I although came across a problem, once the slope (from the updated code) turned either negative or below zero which meant that the "line" list became empty. To solve this, I simply did the following instead which solved my issue:

line = A+intercept

1. Update:

While the data now provided is correct, I ran into yet another issue. When I tried to plot the line for a negative coefficient, it didn't plot the slope as going downwards, but rather upwards. I couldn't get to solve the issue so instead, I ended up using the following library:

coefficients = np.polyfit(xi, y, 1)
polynomial = np.poly1d(coefficients)
ys = polynomial(xi)

plot(xi, ys, 'r-', xi, y, 'o')
show()

Source:
http://sdtidbits.blogspot.dk/2009/03/curve-fitting-and-plotting-in-python.html

* Note that this requires that you: import numpy as np

I will investigate this issue further and hopefully find away around this issue as I like the extra variables which the original code from this blog post provides. Until then, I will use the two libraries together to avoid any further issues, as I am still interested in the "r"- and "p"-values as well the standard error.

2. Alright, so I finally managed to find a solution which combines the best of both worlds basically hassle-free. The approach is basically the same as from the updated original code:

slope, intercept, r_value, p_value, std_err = stats.linregress(xi,y)

Instead of calculating the "line", I managed to solve my issues as explained above doing the following:

polynomial = np.poly1d([slope, intercept])
line = polynomial(xi)

plot(xi, line, 'r-', xi, y, 'o')
show()

And there you have it; a solution which also works when the coefficient is below 1! This also means, that you no longer have to use the "A" matrix as implemented in the original code; which doesn't seem to be used anyhow.
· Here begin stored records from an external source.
lemma seminorm_less_one_imp_interior:
  fixes N :: "'a::euclidean_space \<Rightarrow> real"
  assumes "is_seminorm N" "N x < 1"
  shows "x \<in> interior (unit_ball N)"
proof -
  have "N -` {..<1} \<subseteq> unit_ball N"
    by (auto simp: unit_ball_def)
  moreover have "open (N -` {..<1})"
    using convex_on_continuous[OF open_UNIV convex_on_seminorm[OF assms(1)]]
    by (simp add: continuous_on_open_vimage)
  ultimately have "N -` {..<1} \<subseteq> interior (unit_ball N)"
    by (rule interior_maximal)
  then show ?thesis
    using assms(2) by auto
qed

lemma seminorm_eq_one_not_interior:
  fixes N :: "'a::euclidean_space \<Rightarrow> real"
  assumes sn: "is_seminorm N" and "N y = 1"
  shows "y \<notin> interior (unit_ball N)"
proof
  assume "y \<in> interior (unit_ball N)"
  then obtain e where "e > 0" and e: "ball y e \<subseteq> unit_ball N"
    using mem_interior by blast
  have "y \<noteq> 0"
    using \<open>N y = 1\<close> seminorm_zero[OF sn] by auto
  define z where "z = (1 + e / (2 * norm y)) *\<^sub>R y"
  have "y - z = - (e / (2 * norm y)) *\<^sub>R y"
    by (simp add: z_def algebra_simps)
  then have "dist y z = e / 2"
    using \<open>y \<noteq> 0\<close> \<open>e > 0\<close> by (simp add: dist_norm)
  then have "z \<in> ball y e"
    using \<open>e > 0\<close> by simp
  then have "N z \<le> 1"
    using e by (auto simp: unit_ball_def)
  moreover have "N z = 1 + e / (2 * norm y)"
    using \<open>N y = 1\<close> \<open>e > 0\<close> by (simp add: z_def seminorm_scaleR[OF sn])
  moreover have "e / (2 * norm y) > 0"
    using \<open>e > 0\<close> \<open>y \<noteq> 0\<close> by simp
  ultimately show False
    by linarith
qed
lemma B_orth_proj:
  assumes v: "v \<in> vecs m" "B v v \<noteq> 0" and w: "w \<in> vecs m" and u: "u \<in> vecs m"
  shows "B (orth_proj v w) (orth_proj v u) = B w u - B w v * B v u / B v v"
proof -
  have orth: "B v (orth_proj v u) = 0"
    using B_commute[OF orth_proj_vecs[OF v(1) u] v(1)] B_orth_proj_left[OF v(1) u v(2)] by simp
  have "cnj (B v v) = B v v"
    using B_self_real[OF v(1)] by (metis complex_cnj_complex_of_real)
  then have coeff: "cnj (B u v / B v v) = B v u / B v v"
    by (simp add: B_commute[OF u v(1)])
  have "B (orth_proj v w) (orth_proj v u) = B w (orth_proj v u)"
    using B_lincomb_left[OF w v(1) orth_proj_vecs[OF v(1) u]] orth by (simp add: orth_proj_def)
  also have "\<dots> = B w u - cnj (B u v / B v v) * B w v"
    using B_lincomb_right[OF u v(1) w] by (simp add: orth_proj_def)
  also have "\<dots> = B w u - B v u / B v v * B w v"
    by (simp only: coeff)
  finally show ?thesis
    by (simp add: ac_simps)
qed

lemma Re_cnj_mult_self: "Re (cnj z * z) = (cmod z)\<^sup>2"
  unfolding cmod_power2 by (simp add: power2_eq_square)

lemma Re_B_orth_proj_self:
  assumes v: "v \<in> vecs m" "B v v \<noteq> 0" and w: "w \<in> vecs m"
  shows "Re (B (orth_proj v w) (orth_proj v w)) = Re (B w w) - (cmod (B v w))\<^sup>2 / Re (B v v)"
proof -
  obtain r where r: "B v v = of_real r"
    using B_self_real[OF v(1)] by blast
  have "B (orth_proj v w) (orth_proj v w) = B w w - cnj (B v w) * B v w / of_real r"
    using B_orth_proj[OF v w w] B_commute[OF v(1) w] r by simp
  then show ?thesis
    by (simp only: r minus_complex.sel Re_complex_of_real Re_divide_of_real Re_cnj_mult_self)
qed

section \<open>The Hermitian triple product\<close>

text \<open>
  Here \<open>x, y, z\<close> stand for \<open>B(v\<^sub>1,v\<^sub>2), B(v\<^sub>1,v\<^sub>3), B(v\<^sub>2,v\<^sub>3)\<close> and \<open>a, c, e\<close> for the
  norms of \<open>v\<^sub>1, v\<^sub>2, v\<^sub>3\<close>; the hypotheses are the Cauchy-Schwarz inequality for the
  projections of \<open>v\<^sub>2, v\<^sub>3\<close> orthogonal to \<open>v\<^sub>1\<close>.
\<close>

lemma Re_mult_cnj_pos_if_schur_bound:
  fixes a c e :: real and x y z :: complex
  assumes a: "a > 0" and c: "c > 0" and e: "e \<ge> 0" and y: "y \<noteq> 0"
    and x: "c - (cmod x)\<^sup>2 / a \<le> 0"
    and bound: "(cmod (z - cnj x * y / of_real a))\<^sup>2 \<le> (c - (cmod x)\<^sup>2 / a) * (e - (cmod y)\<^sup>2 / a)"
  shows "Re (x * z * cnj y) > 0"
proof -
  define R where "R = Re (x * z * cnj y)"
  have "(cmod (z - cnj x * y / of_real a))\<^sup>2 = (cmod z)\<^sup>2 - 2 * R / a + (cmod x)\<^sup>2 * (cmod y)\<^sup>2 / a\<^sup>2"
    unfolding R_def cmod_power2 using a
    by (simp add: Re_divide_of_real Im_divide_of_real field_simps power2_eq_square)
  with bound a have "2 * R / a \<ge> (cmod z)\<^sup>2 + c * (cmod y)\<^sup>2 / a + e * (cmod x)\<^sup>2 / a - c * e"
    by (simp add: algebra_simps power2_eq_square)
  moreover have "e * (cmod x)\<^sup>2 / a \<ge> c * e"
  proof -
    have "a * c \<le> (cmod x)\<^sup>2"
      using x a by (simp add: field_simps)
    then have "e * (a * c) \<le> e * (cmod x)\<^sup>2"
      using e by (rule mult_left_mono)
    then show ?thesis
      using a by (simp add: field_simps)
  qed
  moreover have "c * (cmod y)\<^sup>2 / a > 0"
    using a c y by simp
  ultimately have "2 * R / a > 0"
    using zero_le_power2[of "cmod z"] by linarith
  then show ?thesis
    using a by (simp add: R_def zero_less_divide_iff)
qed

definition herm_triple :: "cvec \<Rightarrow> cvec \<Rightarrow> cvec \<Rightarrow> complex" where
  "herm_triple u v w = B u v * B v w * B w u"

lemma Re_herm_triple_pos:
  assumes v1: "v1 \<in> vecs m" "Re (B v1 v1) > 0" and v2: "v2 \<in> vecs m" "Re (B v2 v2) > 0"
    and v3: "v3 \<in> vecs m" "Re (B v3 v3) \<ge> 0" "v3 \<noteq> (\<lambda>_. 0)"
  shows "Re (herm_triple v1 v2 v3) > 0"
proof -
  define a where "a = Re (B v1 v1)"
  define x y z where "x = B v1 v2" and "y = B v1 v3" and "z = B v2 v3"
  have B11: "B v1 v1 = of_real a" and "B v1 v1 \<noteq> 0"
    using B_self_real[OF v1(1)] v1(2) by (auto simp: a_def)
  have B21: "B v2 v1 = cnj x" and B31: "B v3 v1 = cnj y"
    using B_commute[OF v1(1) v2(1)] B_commute[OF v1(1) v3(1)] by (simp_all add: x_def y_def)
  define w2 w3 where "w2 = orth_proj v1 v2" and "w3 = orth_proj v1 v3"
  have w: "w2 \<in> vecs m" "B w2 v1 = 0" "w3 \<in> vecs m" "B w3 v1 = 0"
    unfolding w2_def w3_def using v1(1) v2(1) v3(1) \<open>B v1 v1 \<noteq> 0\<close>
    by (simp_all add: orth_proj_vecs B_orth_proj_left)
  have "Re (B w2 w2) = Re (B v2 v2) - (cmod x)\<^sup>2 / a"
    unfolding w2_def x_def a_def by (rule Re_B_orth_proj_self[OF v1(1) \<open>B v1 v1 \<noteq> 0\<close> v2(1)])
  moreover have "Re (B w3 w3) = Re (B v3 v3) - (cmod y)\<^sup>2 / a"
    unfolding w3_def y_def a_def by (rule Re_B_orth_proj_self[OF v1(1) \<open>B v1 v1 \<noteq> 0\<close> v3(1)])
  moreover have "B w2 w3 = z - cnj x * y / of_real a"
    using B_orth_proj[OF v1(1) \<open>B v1 v1 \<noteq> 0\<close> v2(1) v3(1)]
    by (simp add: w2_def w3_def B21 B11 x_def y_def z_def)
  moreover have "y \<noteq> 0"
    using B_nonzero_if_timelike_causal[OF v1 v3] B31 by auto
  ultimately have "Re (x * z * cnj y) > 0"
    using Re_mult_cnj_pos_if_schur_bound[of a "Re (B v2 v2)" "Re (B v3 v3)" y x z]
      B_self_nonpos_if_orthogonal_timelike(1)[OF v1 w(1,2)]
      cauchy_schwarz_orthogonal_timelike[OF v1 w] v1(2) v2(2) v3(2)
    by (simp add: a_def)
  then show ?thesis
    by (simp add: herm_triple_def B31 x_def z_def)
qed

lemma herm_triple_swap:
  assumes "u \<in> vecs m" "v \<in> vecs m" "w \<in> vecs m"
  shows "herm_triple v u w = cnj (herm_triple u v w)"
  unfolding herm_triple_def
  using B_commute[OF assms(1,2)] B_commute[OF assms(2,3)] B_commute[OF assms(3,1)]
  by (simp add: mult_ac)

lemma herm_triple_cocycle_identity:
  assumes "u \<in> vecs m" "v \<in> vecs m" "w \<in> vecs m" "y \<in> vecs m"
  shows "herm_triple v w y * cnj (herm_triple u w y) * herm_triple u v y
    = of_real ((cmod (B y u))\<^sup>2 * (cmod (B y v))\<^sup>2 * (cmod (B y w))\<^sup>2) * herm_triple u v w"
proof -
  have "of_real ((cmod (B y u))\<^sup>2 * (cmod (B y v))\<^sup>2 * (cmod (B y w))\<^sup>2)
      = (B y u * cnj (B y u)) * (B y v * cnj (B y v)) * (B y w * cnj (B y w))"
    by (simp only: of_real_mult complex_norm_square)
  then show ?thesis
    unfolding herm_triple_def
    using B_commute[OF assms(4,1)] B_commute[OF assms(4,2)] B_commute[OF assms(4,3)]
      B_commute[OF assms(1,3)]
    by (simp add: mult_ac)
qed

lemma Arg_cnj_if_Re_pos: "Re z > 0 \<Longrightarrow> Arg (cnj z) = - Arg z"
  by (simp add: Arg_cnj Arg_real)

lemma Arg_mult_if_Re_pos:
  assumes "Re z > 0" "Re (z * w) > 0"
  shows "Arg (z * w) = Arg z + Arg w"
proof -
  have "z \<noteq> 0" "w \<noteq> 0"
    using assms by auto
  have "\<bar>Arg z\<bar> < pi / 2" "\<bar>Arg (z * w)\<bar> < pi / 2"
    using assms Arg_Re_pos by blast+
  moreover have "- pi < Arg w" "Arg w \<le> pi"
    by (rule mpi_less_Arg, rule Arg_le_pi)
  ultimately show ?thesis
    using Arg_times'[OF \<open>z \<noteq> 0\<close> \<open>w \<noteq> 0\<close>] by (auto split: if_splits)
qed
lemma sphere_unif_integrable_bounded:
  fixes h :: "'a::euclidean_space \<Rightarrow> 'b::{banach,second_countable_topology}"
  assumes h_meas: "h \<in> borel_measurable borel" and h_bound: "\<And>x. norm x = 1 \<Longrightarrow> norm (h x) \<le> B"
  shows "integrable sphere_unif h"
proof -
  interpret prob_space "sphere_unif :: 'a measure" by (rule prob_space_sphere_unif)
  show ?thesis
    by (rule integrable_const_bound[where B=B])
       (use AE_sphere_unif_norm h_bound h_meas in \<open>auto simp: measurable_sphere_unif_iff elim!: eventually_mono\<close>)
qed

lemma sphere_unif_integrable_coord_product:
  "integrable (sphere_unif :: 'a::euclidean_space measure) (\<lambda>x. (x \<bullet> u) * (x \<bullet> v))"
proof (rule sphere_unif_integrable_bounded[where B="norm u * norm v"])
  fix x :: 'a assume x: "norm x = 1"
  have "\<bar>x \<bullet> u\<bar> * \<bar>x \<bullet> v\<bar> \<le> (norm x * norm u) * (norm x * norm v)"
    by (intro mult_mono Cauchy_Schwarz_ineq2) auto
  then show "norm ((x \<bullet> u) * (x \<bullet> v)) \<le> norm u * norm v" using x by (simp add: abs_mult)
qed simp

text \<open>Second moments of the coordinates: they are uncorrelated (reflect one coordinate)
  and all have the same variance (swap two coordinates), which sums to \<open>E |x|\<^sup>2 = 1\<close>.\<close>
lemma sphere_unif_coord_moment:
  fixes e f :: "'a::euclidean_space"
  assumes e: "e \<in> Basis" and f: "f \<in> Basis"
  shows "(\<integral>x. (x \<bullet> e) * (x \<bullet> f) \<partial>(sphere_unif :: 'a measure)) = (if e = f then 1 / DIM('a) else 0)"
proof (cases "e = f")
  case False
  have "(\<integral>x. (x \<bullet> e) * (x \<bullet> f) \<partial>(sphere_unif :: 'a measure)) =
      (\<integral>x. (basis_reflection e x \<bullet> e) * (basis_reflection e x \<bullet> f) \<partial>sphere_unif)"
    by (rule sphere_unif_integral_invariant[where h="\<lambda>x. (x \<bullet> e) * (x \<bullet> f)", symmetric])
       (auto simp: distr_lborel_basis_reflection e norm_basis_reflection basis_reflection_scale)
  also have "\<dots> = - (\<integral>x. (x \<bullet> e) * (x \<bullet> f) \<partial>(sphere_unif :: 'a measure))"
    using e f False by (simp add: inner_basis_reflection)
  finally show ?thesis using False by simp
next
  case True
  interpret prob_space "sphere_unif :: 'a measure" by (rule prob_space_sphere_unif)
  define m where "m b = (\<integral>x. (x \<bullet> b) * (x \<bullet> b) \<partial>(sphere_unif :: 'a measure))" for b
  have same_variance: "m b = m e" if b: "b \<in> Basis" for b
  proof (cases "b = e")
    case False
    have "m e = (\<integral>x. (basis_swap e b x \<bullet> e) * (basis_swap e b x \<bullet> e) \<partial>sphere_unif)"
      unfolding m_def
      by (rule sphere_unif_integral_invariant[where h="\<lambda>x. (x \<bullet> e) * (x \<bullet> e)", symmetric])
         (use False e b in \<open>auto simp: distr_lborel_basis_swap norm_basis_swap basis_swap_scale\<close>)
    also have "\<dots> = m b"
      unfolding m_def using e b False by (simp add: inner_basis_swap Transposition.transpose_def)
    finally show ?thesis by simp
  qed simp
  have "(\<Sum>b\<in>Basis. m b) = (\<integral>x. (\<Sum>b\<in>(Basis::'a set). (x \<bullet> b) * (x \<bullet> b)) \<partial>sphere_unif)"
    unfolding m_def by (simp add: sphere_unif_integrable_coord_product)
  also have "\<dots> = (\<integral>x. 1 \<partial>(sphere_unif :: 'a measure))"
  proof (rule integral_cong_AE)
    show "AE x in sphere_unif. (\<Sum>b\<in>(Basis::'a set). (x \<bullet> b) * (x \<bullet> b)) = 1"
      using AE_sphere_unif_norm by (auto elim!: eventually_mono
          simp: euclidean_inner[symmetric] power2_norm_eq_inner[symmetric])
  qed (auto simp: measurable_sphere_unif_iff)
  also have "\<dots> = 1" by (simp add: prob_space)
  finally have "real DIM('a) * m e = 1" using same_variance by simp
  then show ?thesis using True by (simp add: m_def field_simps)
qed
(* Let $A=\bigoplus_iA^i$ be a graded commutative algebra with unit $1\in A^0$ over a field $\mathbb{K}$ of characteristic $0$, fix an integer $k$, and let $f\in\operatorname{Hom}^*_{\mathbb{K}}(A,A)$ be homogeneous. The following are equivalent: (1) $f\in\operatorname{Diff}_2(A)$ and $f(1)=0$; (2) for all homogeneous $a,b,c\in A$, \[f(abc)+f(a)bc+(-1)^{\bar a\bar b}f(b)ac+(-1)^{\bar c(\bar a+\bar b)}f(c)ab=f(ab)c+(-1)^{\bar a(\bar b+\bar c)}f(bc)a+(-1)^{\bar b\bar c}f(ac)b;\] (3) the bilinear map $\Phi(a,b)=f(ab)-f(a)b-(-1)^{\bar a\bar f}af(b)$ satisfies $\Phi(a,bc)=\Phi(a,b)c+(-1)^{(\bar a+\bar f)\bar b}b\Phi(a,c)$ for all homogeneous $a,b,c$; (4) $[f,\mu_2]=[[f,\mu_1],\mu_1]$ in $D(A[2k])$.
   Context: $\bar a$ denotes degree. Elements $a\in A$ act on $A$ by left multiplication, and $[\,,\,]$ is the graded commutator on $\operatorname{Hom}^*_{\mathbb{K}}(A,A)$. Differential operators of order $\le k$: $\operatorname{Diff}_k(A)=0$ for $k<0$ and, for $k\ge0$, $\operatorname{Diff}_k(A)=\{f\in\operatorname{Hom}^*_{\mathbb{K}}(A,A)\mid [f,a]\in\operatorname{Diff}_{k-1}(A)\ \forall a\in A\}$. For a graded vector space $V$, $V[2k]^i=V^{i+2k}$; $D(V)=\prod_{i\ge0}D_i(V)$ with $D_i(V)=\operatorname{Hom}^*_{\mathbb{K}}(\bigodot^{i+1}V,V)$, with the graded Lie bracket $[f,g]=f\bullet g-(-1)^{\bar f\bar g}g\bullet f$ for $f\in D_n(V),g\in D_m(V)$, where $f\bullet g(a_0,\dots,a_{n+m})=\sum_\sigma\varepsilon(\sigma)f(g(a_{\sigma(0)},\dots,a_{\sigma(m)}),a_{\sigma(m+1)},\dots,a_{\sigma(n+m)})$ over $(m+1,n)$-unshuffles with Koszul sign. $\operatorname{Hom}^*_{\mathbb{K}}(A,A)$ is identified with $D_0(A[2k])$, and $\mu_n\in D_n(A[2k])$ (degree $2kn$) is the multiplication $\mu_n(a_0\odot\cdots\odot a_n)=a_0\cdots a_n$. A map satisfying these equivalent conditions is called a quasi-Batalin–Vilkovisky (quasi-BV) operator. *)

theory Defs
  imports Complex_Main
begin

definition ksign :: "int \<Rightarrow> 'a::ring_1" where
  "ksign n = (if even n then 1 else - 1)"

text \<open>A graded commutative algebra A = (+)_i A^i with unit 1 in A^0 over a field K:
  the carrier is the whole type 'a, scalar multiplication is smult, and G i is A^i.\<close>
definition graded_comm_alg :: "('k::field \<Rightarrow> 'a::ring_1 \<Rightarrow> 'a) \<Rightarrow> (int \<Rightarrow> 'a set) \<Rightarrow> bool" where
  "graded_comm_alg smult G \<longleftrightarrow>
     Vector_Spaces.vector_space smult \<and>
     (\<forall>c a b. smult c (a * b) = smult c a * b \<and> smult c (a * b) = a * smult c b) \<and>
     (\<forall>i. 0 \<in> G i \<and> (\<forall>x\<in>G i. \<forall>y\<in>G i. x + y \<in> G i) \<and> (\<forall>c. \<forall>x\<in>G i. smult c x \<in> G i)) \<and>
     (\<forall>x. \<exists>!cs :: int \<Rightarrow> 'a. finite {i. cs i \<noteq> 0} \<and> (\<forall>i. cs i \<in> G i) \<and>
            x = (\<Sum>i\<in>{i. cs i \<noteq> 0}. cs i)) \<and>
     (\<forall>i j. \<forall>a\<in>G i. \<forall>b\<in>G j. a * b \<in> G (i + j)) \<and>
     (\<forall>i j. \<forall>a\<in>G i. \<forall>b\<in>G j. a * b = ksign (i * j) * (b * a)) \<and>
     1 \<in> G 0"

definition hom_map :: "('k::field \<Rightarrow> 'a::ring_1 \<Rightarrow> 'a) \<Rightarrow> (int \<Rightarrow> 'a set) \<Rightarrow> int \<Rightarrow> ('a \<Rightarrow> 'a) \<Rightarrow> bool" where
  "hom_map smult G d f \<longleftrightarrow> Vector_Spaces.linear smult smult f \<and> (\<forall>i. \<forall>x\<in>G i. f x \<in> G (i + d))"

text \<open>Graded commutator [f, a] of a degree-d map f with left multiplication by a of degree e.\<close>
definition gcomm :: "int \<Rightarrow> ('a::ring_1 \<Rightarrow> 'a) \<Rightarrow> int \<Rightarrow> 'a \<Rightarrow> ('a \<Rightarrow> 'a)" where
  "gcomm d f e a = (\<lambda>x. f (a * x) - ksign (d * e) * (a * f x))"

text \<open>is_diffop G k d f: the homogeneous degree-d map f lies in Diff_k(A)
  (Diff_{-1} = 0; commutators with homogeneous a, which suffices by linearity).\<close>
fun is_diffop :: "(int \<Rightarrow> 'a::ring_1 set) \<Rightarrow> nat \<Rightarrow> int \<Rightarrow> ('a \<Rightarrow> 'a) \<Rightarrow> bool" where
  "is_diffop G 0 d f = (\<forall>e. \<forall>a\<in>G e. \<forall>x. gcomm d f e a x = 0)"
| "is_diffop G (Suc k) d f = (\<forall>e. \<forall>a\<in>G e. is_diffop G k (d + e) (gcomm d f e a))"
lemma k_gap_planar_drawingI:
  assumes "valid_drawing V E pos curve"
    and "\<And>x. x \<in> crossings V E pos curve \<Longrightarrow> snd x \<inter> D \<noteq> {}"
    and "\<And>e. e \<in> D \<Longrightarrow>
      finite {x \<in> crossings V E pos curve. e \<in> snd x} \<and> card {x \<in> crossings V E pos curve. e \<in> snd x} \<le> k"
  shows "k_gap_planar_drawing k V E pos curve"
proof -
  let ?C = "crossings V E pos curve"
  define charge where "charge x = (SOME e. e \<in> snd x \<inter> D)"
    for x :: "(real \<times> real) \<times> 'a set set"
  have charge: "charge x \<in> snd x \<inter> D" if "x \<in> ?C" for x
    unfolding charge_def by (rule someI_ex) (use assms(2)[OF that] in blast)
  have "finite {x \<in> ?C. charge x = e} \<and> card {x \<in> ?C. charge x = e} \<le> k" for e
  proof (cases "e \<in> D")
    case True
    have "{x \<in> ?C. charge x = e} \<subseteq> {x \<in> ?C. e \<in> snd x}"
      using charge by auto
    then show ?thesis
      using assms(3)[OF True] by (meson card_mono finite_subset le_trans)
  next
    case False
    then have empty: "{x \<in> ?C. charge x = e} = {}"
      using charge by auto
    show ?thesis
      unfolding empty by simp
  qed
  then show ?thesis
    unfolding k_gap_planar_drawing_def using assms(1) charge by blast
qed

definition lattice_vertex :: "int \<Rightarrow> int \<Rightarrow> nat" where
  "lattice_vertex x y = prod_encode (int_encode x, int_encode y)"

definition lattice_pos :: "nat \<Rightarrow> real \<times> real" where
  "lattice_pos v = (case prod_decode v of (x, y) \<Rightarrow> (of_int (int_decode x), of_int (int_decode y)))"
Thanks for the great work, to the original author!

12. Hi David, at the moment I'm using the implementation provided by sklearn, maybe you could find it helpful: http://scikit-learn.org/stable/auto_examples/linear_model/plot_ols.html#example-linear-model-plot-ols-py

13. This comment has been removed by a blog administrator.

14. How about a 2D linear regression ? Can you please suggest whats the easiest way to perform the same analysis on a 2D dataset ?

1. Hi Adviser, you could try the linear regression module provided by sklearn. You can find the link some comments above.

15. Is there an easy way to plot a regression line that would be based only part of the y data. For example plot the whole y but plot regression line only for:
[20.5, 21.5, 22, 23, 23, 25.5, 24]

1. It should be very simple, you create your shorter version of y and you apply the regression to this data. Then, you plot the regression line and the the points of the original data as showed in the post.

16. std_err is not standard deviation, but the error of the estimated slope!

17. Is it necessary to add "ones(9)"? I usually have just the independent variable x, and the dependent one y,... I don't know how, why and when should I add ones column to my independent var (x). regards

18. Just one more,... how to predict the new data set with my new set of points? Y use Xtrain and Y train, the model W=inv(Xtrain.T*Xtrain)*Xtrain.T*Ytrain , with np.dot, of course... so when predicting y use Ypred = Xvalid*W, ... but it's not working to me :(

1. Hi Javier, given your two questions I'd recommend you to check http://scikit-learn.org/stable/modules/generated/sklearn.linear_model.LinearRegression.html

This takes care of the "ones" and the prediction for you.